> **Material for this exercise**:
(*
  Off H, a point (x, y, z) of the conic has K x y = z^2 nonzero, so K is nonzero and the point
  is a multiple of (1, r^2/K, r) with r = z/x. Every polynomial vanishing on the conic has its
  gradient orthogonal to the velocities of two curves in the conic through the point, so the
  tangent line is the kernel of the gradient (K y, K x, -2 z) of K x y - z^2. The point is
  therefore critical iff the logarithmic gradient of the likelihood is parallel to this
  gradient, i.e. iff (2 u0 + u2) r^2 + (u0 - u1) K r - (2 u1 + u2) K = 0. For generic data this
  quadratic has two distinct roots, and a root lies on H only if K = 4 and r = -2, which is on
  the hyperplane x + y + z = 0. For K = 0 the conic is the double line z^2 = 0 inside H.
*)

definition vec3 :: "'a \<Rightarrow> 'a \<Rightarrow> 'a \<Rightarrow> 'a ^ 3" where
  "vec3 x y z = (\<chi> i. if i = 0 then x else if i = 1 then y else z)"

lemma vec3_nth [simp]: "vec3 x y z $ 0 = x" "vec3 x y z $ 1 = y" "vec3 x y z $ 2 = z"
  by (simp_all add: vec3_def)

lemma UNIV_3_eq: "(UNIV :: 3 set) = {0, 1, 2}"
proof -
  have "(3 :: 3) = 0" by simp
  then show ?thesis using UNIV_3 by auto
qed

lemma num3_cases: "(i :: 3) = 0 \<or> i = 1 \<or> i = 2"
  using UNIV_3_eq by blast

lemma all_3_iff: "(\<forall>i :: 3. P i) \<longleftrightarrow> P 0 \<and> P 1 \<and> P 2"
  by (metis num3_cases)

lemma vec3_eq_iff: "(v :: 'a ^ 3) = w \<longleftrightarrow> v$0 = w$0 \<and> v$1 = w$1 \<and> v$2 = w$2"
  by (simp add: vec_eq_iff all_3_iff)

lemma sum_UNIV_3: "sum f (UNIV :: 3 set) = f 0 + f 1 + f 2"
  unfolding UNIV_3_eq by (simp add: ac_simps)

lemma prod_UNIV_3: "prod f (UNIV :: 3 set) = f 0 * f 1 * f 2"
  unfolding UNIV_3_eq by (simp add: ac_simps)

lemma has_derivative_vec_nth [derivative_intros]: "((\<lambda>x. x $ i) has_derivative (\<lambda>v. v $ i)) F"
  using bounded_linear_vec_nth by (rule bounded_linear_imp_has_derivative)

lemma kernel_subset_kernel_iff:
  fixes g w :: "'a :: field ^ 3"
  assumes "g$2 \<noteq> 0"
  shows "(\<forall>v. (\<Sum>i\<in>UNIV. g$i * v$i) = 0 \<longrightarrow> (\<Sum>i\<in>UNIV. w$i * v$i) = 0) \<longleftrightarrow>
         w$0 * g$2 = w$2 * g$0 \<and> w$1 * g$2 = w$2 * g$1"
proof
  assume H: "\<forall>v. (\<Sum>i\<in>UNIV. g$i * v$i) = 0 \<longrightarrow> (\<Sum>i\<in>UNIV. w$i * v$i) = 0"
  have "w$0 * g$2 - w$2 * g$0 = 0"
    using H[rule_format, of "vec3 (g$2) 0 (- g$0)"] by (simp add: sum_UNIV_3 algebra_simps)
  moreover have "w$1 * g$2 - w$2 * g$1 = 0"
    using H[rule_format, of "vec3 0 (g$2) (- g$1)"] by (simp add: sum_UNIV_3 algebra_simps)
  ultimately show "w$0 * g$2 = w$2 * g$0 \<and> w$1 * g$2 = w$2 * g$1"
    by simp
next
  assume "w$0 * g$2 = w$2 * g$0 \<and> w$1 * g$2 = w$2 * g$1"
  then have eq: "g$2 * (\<Sum>i\<in>UNIV. w$i * v$i) = w$2 * (\<Sum>i\<in>UNIV. g$i * v$i)" for v
    by (simp add: sum_UNIV_3 algebra_simps)
  show "\<forall>v. (\<Sum>i\<in>UNIV. g$i * v$i) = 0 \<longrightarrow> (\<Sum>i\<in>UNIV. w$i * v$i) = 0"
  proof (intro allI impI)
    fix v assume "(\<Sum>i\<in>UNIV. g$i * v$i) = 0"
    then have "g$2 * (\<Sum>i\<in>UNIV. w$i * v$i) = 0" using eq by simp
    then show "(\<Sum>i\<in>UNIV. w$i * v$i) = 0" using assms by simp
  qed
qed

definition mono3 :: "nat \<times> nat \<times> nat \<Rightarrow> complex^3 \<Rightarrow> complex" where
  "mono3 m p = p$0 ^ fst m * p$1 ^ fst (snd m) * p$2 ^ snd (snd m)"

lemma peval3_eq_sum:
  assumes "finite S" "\<And>m. m \<notin> S \<Longrightarrow> c m = 0"
  shows "peval3 c p = (\<Sum>m\<in>S. c m * mono3 m p)"
proof -
  have "peval3 c p = (\<Sum>m | c m \<noteq> 0. c m * mono3 m p)"
    unfolding peval3_def mono3_def by (simp add: mult.assoc)
  also have "\<dots> = (\<Sum>m\<in>S. c m * mono3 m p)"
    by (rule sum.mono_neutral_left) (use assms in auto)
  finally show ?thesis .
qed

definition raise3 :: "3 \<Rightarrow> nat \<times> nat \<times> nat \<Rightarrow> nat \<times> nat \<times> nat" where
  "raise3 i = (\<lambda>(a, b, d).
     if i = 0 then (a + 1, b, d) else if i = 1 then (a, b + 1, d) else (a, b, d + 1))"

definition dmono3 :: "3 \<Rightarrow> nat \<times> nat \<times> nat \<Rightarrow> complex^3 \<Rightarrow> complex" where
  "dmono3 i = (\<lambda>(a, b, d) p.
     if i = 0 then of_nat a * mono3 (a - 1, b, d) p
     else if i = 1 then of_nat b * mono3 (a, b - 1, d) p
     else of_nat d * mono3 (a, b, d - 1) p)"

lemma inj_raise3: "inj (raise3 i)"
  by (rule injI) (auto simp: raise3_def split: prod.splits if_splits)

lemma pdiff3_eq_0: "h (raise3 i m) = 0 \<Longrightarrow> pdiff3 i h m = 0"
  by (auto simp: pdiff3_def raise3_def split: prod.splits if_splits)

> **How to complete this task**:
The answer is the records above restated word for word from their opening line through the line that holds "by (metis num3_cases)", both included, and nothing else.

> **Answer section**:
(*
  Off H, a point (x, y, z) of the conic has K x y = z^2 nonzero, so K is nonzero and the point
  is a multiple of (1, r^2/K, r) with r = z/x. Every polynomial vanishing on the conic has its
  gradient orthogonal to the velocities of two curves in the conic through the point, so the
  tangent line is the kernel of the gradient (K y, K x, -2 z) of K x y - z^2. The point is
  therefore critical iff the logarithmic gradient of the likelihood is parallel to this
  gradient, i.e. iff (2 u0 + u2) r^2 + (u0 - u1) K r - (2 u1 + u2) K = 0. For generic data this
  quadratic has two distinct roots, and a root lies on H only if K = 4 and r = -2, which is on
  the hyperplane x + y + z = 0. For K = 0 the conic is the double line z^2 = 0 inside H.
*)

definition vec3 :: "'a \<Rightarrow> 'a \<Rightarrow> 'a \<Rightarrow> 'a ^ 3" where
  "vec3 x y z = (\<chi> i. if i = 0 then x else if i = 1 then y else z)"

lemma vec3_nth [simp]: "vec3 x y z $ 0 = x" "vec3 x y z $ 1 = y" "vec3 x y z $ 2 = z"
  by (simp_all add: vec3_def)

lemma UNIV_3_eq: "(UNIV :: 3 set) = {0, 1, 2}"
proof -
  have "(3 :: 3) = 0" by simp
  then show ?thesis using UNIV_3 by auto
qed

lemma num3_cases: "(i :: 3) = 0 \<or> i = 1 \<or> i = 2"
  using UNIV_3_eq by blast

lemma all_3_iff: "(\<forall>i :: 3. P i) \<longleftrightarrow> P 0 \<and> P 1 \<and> P 2"
  by (metis num3_cases)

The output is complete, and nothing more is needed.